05/18/2026
DEMAIN
Vous êtes cordialement invité-es à la troisième conférence du Cycle de conférences sur le travail invisible organisée par la Chaire Ésope en collaboration avec le Centre de Recherche en Éthique. Pour cette troisième conférence, nous avons le plaisir de recevoir Lisa Herzog (Université de Groningen) avec une présentation intitulée « Against Careers ». La conférence aura lieu en anglais.
L’événement se déroulera le 19 mai à midi au local 422 du département de philosophie de l’Université de Montréal (2910 Boulevard Édouard-Montpetit, Montréal, QC) en format hybride.
Inscription :
https://forms.office.com/Pages/ResponsePage.aspx?id=7O9-0kcq50uYHg-Jd_ox2NaGSChD3WdKj66_ljwP8V1UNTREVVI5TEs2WEhTRjA4ODZBNFg0RldEVi4u&origin=QRCode
Pour informations, veuillez contacter Denise Celentano (UdeM) [email protected] ou Dominic Martin (UQAM) [email protected]

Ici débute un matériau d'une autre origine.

lemma norm_fac_denominator_ge: "\<delta> * (real k + 1) / 2 \<le> norm (of_nat i + 3/2 - g + of_nat k / 2)"
proof -
  have e: "of_nat i + 3/2 - g + of_nat k / 2 = (3 - 2 * g + of_nat (2 * i + k)) / 2"
    by (simp add: field_simps)
  have "\<delta> * (real k + 1) \<le> \<delta> * (real (2 * i + k) + 1)"
    using \<delta>_pos by (intro mult_left_mono) auto
  then show ?thesis
    unfolding e norm_divide using \<delta>_le[of "2 * i + k"] by simp
qed

definition K_step :: real where
  "K_step = 1 + norm (a - 1) / \<delta>"

definition K_fac :: real where
  "K_fac = 2 * (1 + 2 * norm (1/2 - g + w/2)) / \<delta>"

lemma K_step_nonneg: "K_step \<ge> 0"
  unfolding K_step_def using \<delta>_pos by simp

lemma K_fac_nonneg: "K_fac \<ge> 0"
  unfolding K_fac_def using \<delta>_pos by simp

lemma norm_RW_step_le: "norm (RW_step g a k t) \<le> K_step / (real t + 1)"
proof -
  let ?d1 = "1 + of_nat k / 2 + of_nat t :: complex"
  let ?d2 = "2 - g + of_nat k / 2 + of_nat t"
  have d1: "norm ?d1 \<ge> real t + 1"
    using norm_nonneg_real_sum[of 1 t k] by (simp add: add_ac)
  have d2: "norm ?d2 \<ge> \<delta>"
    by (rule norm_step_denominator_ge)
  have num: "a + 1 - g + of_nat k / 2 + of_nat t = ?d2 + (a - 1)"
    by simp
  have "norm (RW_step g a k t) = norm (?d2 + (a - 1)) / (norm ?d1 * norm ?d2)"
    unfolding RW_step_def num by (simp add: norm_divide norm_mult)
  also have "\<dots> \<le> (norm ?d2 + norm (a - 1)) / (norm ?d1 * norm ?d2)"
    using \<delta>_pos d1 d2 by (intro divide_right_mono norm_triangle_ineq) auto
  also have "\<dots> = (1 + norm (a - 1) / norm ?d2) / norm ?d1"
  proof -
    have X: "(D + B) / (C * D) = (1 + B / D) / C" if "C > 0" "D > 0" for B C D :: real
      using that by (simp add: field_simps)
    show ?thesis
      by (rule X) (use \<delta>_pos d1 d2 in linarith)+
  qed
  also have "\<dots> \<le> K_step / (real t + 1)"
    unfolding K_step_def using \<delta>_pos d1 d2
    by (intro frac_le add_left_mono divide_left_mono) auto
  finally show ?thesis .
qed

lemma norm_RW_fac_le: "norm (RW_fac g w k i) \<le> K_fac / (real k + 1)"
proof -
  let ?d1 = "of_nat i + 1/2 + of_nat k / 2 :: complex"
  let ?d3 = "of_nat i + 3/2 - g + of_nat k / 2"
  let ?c = "1/2 - g + w/2"
  have d1: "norm ?d1 \<ge> 1/2"
    using norm_nonneg_real_sum[of "1/2" i k] by (simp add: add_ac)
  have d3: "norm ?d3 \<ge> \<delta> * (real k + 1) / 2" and d3_pos: "\<delta> * (real k + 1) / 2 > 0"
    using norm_fac_denominator_ge \<delta>_pos by auto
  have num: "of_nat i + 1 - g + w / 2 + of_nat k / 2 = ?d1 + ?c"
    by simp
  have "norm (RW_fac g w k i) = norm (?d1 + ?c) / (norm ?d1 * norm ?d3)"
    unfolding RW_fac_def num by (simp add: norm_divide norm_mult)
  also have "\<dots> \<le> (norm ?d1 + norm ?c) / (norm ?d1 * norm ?d3)"
    using d1 d3 d3_pos by (intro divide_right_mono norm_triangle_ineq) auto
  also have "\<dots> = (1 + norm ?c / norm ?d1) / norm ?d3"
  proof -
    have X: "(C + B) / (C * D) = (1 + B / C) / D" if "C > 0" "D > 0" for B C D :: real
      using that by (simp add: field_simps)
    show ?thesis
      by (rule X) (use d1 d3 d3_pos in linarith)+
  qed
  also have "\<dots> \<le> (1 + 2 * norm ?c) / (\<delta> * (real k + 1) / 2)"
  proof (intro frac_le add_left_mono)
    show "norm ?c / norm ?d1 \<le> 2 * norm ?c"
    proof -
      have "?d1 \<noteq> 0"
        using d1 by (intro notI) simp
      then show ?thesis
        using divide_left_mono[OF d1, of "norm ?c"] by (simp add: mult.commute)
    qed
  qed (use d3 d3_pos in auto)
  also have "\<dots> = K_fac / (real k + 1)"
    unfolding K_fac_def using \<delta>_pos by (simp add: field_simps)
  finally show ?thesis .
qed

lemma norm_RW_fac_le_const: "norm (RW_fac g w k i) \<le> K_fac"
  using norm_RW_fac_le[of k i] K_fac_nonneg divide_left_mono[of 1 "real k + 1" K_fac] by simp

lemma pochhammer_nonzero:
  "pochhammer (2 - g + of_nat k / 2) j \<noteq> 0" "pochhammer (1 + of_nat k / 2 :: complex) j \<noteq> 0"
proof -
  show "pochhammer (2 - g + of_nat k / 2) j \<noteq> 0"
  proof
    assume "pochhammer (2 - g + of_nat k / 2) j = 0"
    then obtain t where "2 - g + of_nat k / 2 + of_nat t = 0"
      by (auto simp: pochhammer_eq_0_iff algebra_simps)
    then show False
      using norm_step_denominator_ge[of k t] \<delta>_pos by simp
  qed
  show "pochhammer (1 + of_nat k / 2 :: complex) j \<noteq> 0"
  proof
    assume "pochhammer (1 + of_nat k / 2 :: complex) j = 0"
    then obtain t where "1 + of_nat k / 2 = - (of_nat t :: complex)"
      by (auto simp: pochhammer_eq_0_iff)
    then have "of_real 1 + of_nat t + of_nat k / 2 = (0 :: complex)"
      by (simp add: eq_neg_iff_add_eq_0 add_ac)
    then show False
      using norm_nonneg_real_sum[of 1 t k] by simp
  qed
qed

lemma RW_ratio_same [simp]: "RW_ratio g a k i i = 1"
  unfolding RW_ratio_def pqt_def using pochhammer_nonzero[of k i] by simp

lemma RW_ratio_Suc:
  assumes "i \<le> j"
  shows "RW_ratio g a k i (Suc j) = RW_ratio g a k i j * RW_step g a k j"
proof -
  have "2 - g + of_nat k / 2 + of_nat j \<noteq> 0"
    using norm_step_denominator_ge[of k j] \<delta>_pos by auto
  moreover have "1 + of_nat k / 2 + of_nat j \<noteq> (0::complex)"
    using norm_nonneg_real_sum[of 1 j k] by (auto simp: add_ac)
  moreover have "(x1 * x2 * x3 * x4) / (x5 * x6 * (x7 * x8)) = (x1 * x3 * x4 / (x5 * x7)) * (x2 / (x6 * x8))"
    for x1 x2 x3 x4 x5 x6 x7 x8 :: complex
    by (simp add: divide_inverse mult_ac)
  ultimately show ?thesis
    unfolding RW_ratio_def pqt_def RW_step_def pochhammer_Suc prod.atLeastLessThan_Suc[OF assms]
    by (simp only: add.assoc)
qed

lemma norm_RW_ratio_le: "norm (RW_ratio g a k i (i + d)) \<le> K_step ^ d / fact d"
proof (induction d)
  case (Suc d)
  have "norm (RW_ratio g a k i (i + Suc d)) = norm (RW_ratio g a k i (i + d)) * norm (RW_step g a k (i + d))"
    using RW_ratio_Suc[of i "i + d" k] by (simp add: norm_mult)
  also have "\<dots> \<le> (K_step ^ d / fact d) * (K_step / (real (i + d) + 1))"
    using Suc.IH norm_RW_step_le[of k "i + d"] K_step_nonneg by (intro mult_mono) auto
  also have "\<dots> \<le> (K_step ^ d / fact d) * (K_step / (real d + 1))"
    using K_step_nonneg by (intro mult_left_mono divide_left_mono) auto
  also have "\<dots> = K_step ^ Suc d / fact (Suc d)"
    by (simp add: field_simps)
  finally show ?case .
qed simp

lemma RW_A_Suc: "RW_A g a (Suc J) = RW_step g a 0 J * RW_A g a J"
  using RW_ratio_Suc[of 0 J 0] by (simp add: RW_A_eq_RW_ratio)

end

lemma ex_RW_estimates:
  fixes nu :: complex
  assumes "\<forall>m::nat. m \<ge> 2 \<longrightarrow> nu \<noteq> of_nat m"
  shows "\<exists>\<delta>. RW_estimates ((1 + nu) / 2) \<delta>"
proof -
  have "3 - 2 * ((1 + nu) / 2) + of_nat m \<noteq> 0" for m :: nat
  proof
    assume "3 - 2 * ((1 + nu) / 2) + of_nat m = 0"
    then have "2 * nu = 2 * of_nat (m + 2)"
      by (simp add: field_simps)
    then have "nu = of_nat (m + 2)"
      by (metis mult_cancel_left zero_neq_numeral)
    with assms show False
      by (metis le_add2)
  qed
  then show ?thesis
    using norm_add_of_nat_ge_linear[of "3 - 2 * ((1 + nu) / 2)"] by (auto simp: RW_estimates_def)
qed

section \<open>Collapsing the nested series\<close>

text \<open>The coefficient of z^J e^n in the braces, e standing for the rescaled epsilon: the nested
  series of the n-th term summed from the outermost level inwards.\<close>
fun RW_coeff :: "complex \<Rightarrow> complex \<Rightarrow> complex \<Rightarrow> nat \<Rightarrow> nat \<Rightarrow> complex" where
  "RW_coeff g a w 0 J = RW_A g a J"
| "RW_coeff g a w (Suc n) J =
     (\<Sum>i\<le>J. RW_fac g w n i * RW_coeff g a w n i * RW_ratio g a (Suc n) i J)"

declare RW_coeff.simps(2) [simp del]

context RW_estimates
begin

lemma norm_RW_coeff_le:
  "norm (RW_coeff g a w n J) \<le> K_fac ^ n / fact n * (real (n + 1) * K_step) ^ J / fact J"
proof (induction n arbitrary: J)
  case 0
  show ?case
    using norm_RW_ratio_le[of 0 0 J] by (simp add: RW_A_eq_RW_ratio)
next
  case (Suc n)
  let ?x = "real (n + 1) * K_step"
  have "norm (RW_coeff g a w (Suc n) J)
      \<le> (\<Sum>i\<le>J. norm (RW_fac g w n i * RW_coeff g a w n i * RW_ratio g a (Suc n) i J))"
    by (simp add: norm_sum RW_coeff.simps(2))
  also have "\<dots> \<le> (\<Sum>i\<le>J. K_fac / (real n + 1) * (K_fac ^ n / fact n * ?x ^ i / fact i)
                          * (K_step ^ (J - i) / fact (J - i)))"
  proof (rule sum_mono)
    fix i assume "i \<in> {..J}"
    then have "norm (RW_ratio g a (Suc n) i J) \<le> K_step ^ (J - i) / fact (J - i)"
      using norm_RW_ratio_le[of "Suc n" i "J - i"] by simp
    then show "norm (RW_fac g w n i * RW_coeff g a w n i * RW_ratio g a (Suc n) i J)
        \<le> K_fac / (real n + 1) * (K_fac ^ n / fact n * ?x ^ i / fact i) * (K_step ^ (J - i) / fact (J - i))"
      unfolding norm_mult using norm_RW_fac_le[of n i] Suc.IH[of i] K_fac_nonneg K_step_nonneg
      by (intro mult_mono) auto
  qed
  also have "\<dots> = K_fac ^ Suc n / fact (Suc n) * (\<Sum>i\<le>J. ?x ^ i / fact i * (K_step ^ (J - i) / fact (J - i)))"
    by (simp add: sum_distrib_left field_simps)
  also have "\<dots> = K_fac ^ Suc n / fact (Suc n) * ((?x + K_step) ^ J / fact J)"
    by (simp only: power_add_div_fact)
  also have "\<dots> = K_fac ^ Suc n / fact (Suc n) * (real (Suc n + 1) * K_step) ^ J / fact J"
    by (simp add: algebra_simps)
  finally show ?case .
qed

Résumé: This paper argues against work being organized in “careers,” with individuals being expected, over the years, to climb up a ladder of increasing income, power, and status in one specific area of paid work. This organization of work creates an “ideal biography norm” that disadvantages many groups who cannot fulfil it, e.g. active parents and other groups doing “invisible” work. After defining what I mean by “careers” and what kind of critique I raise against the concept, I briefly set out the historical background of how today’s understanding of careers developed. This shows that many arguments that spoke in favor of careers in the past no longer hold. Today, work being organized as careers threatens at least two sets of values: equality of opportunity, understood across people’s whole life, and value pluralism. As an alternative, and to rescue what still stands from the historical arguments in favor of careers, I suggest a model of “merit without careers,” in which certain functional requirements for jobs remain in place, while giving up the assumption of linearity, leaving behind the “ideal biography norm” as the “normal” case. This would better align the organization of work with the values of equality of opportunity and value pluralism.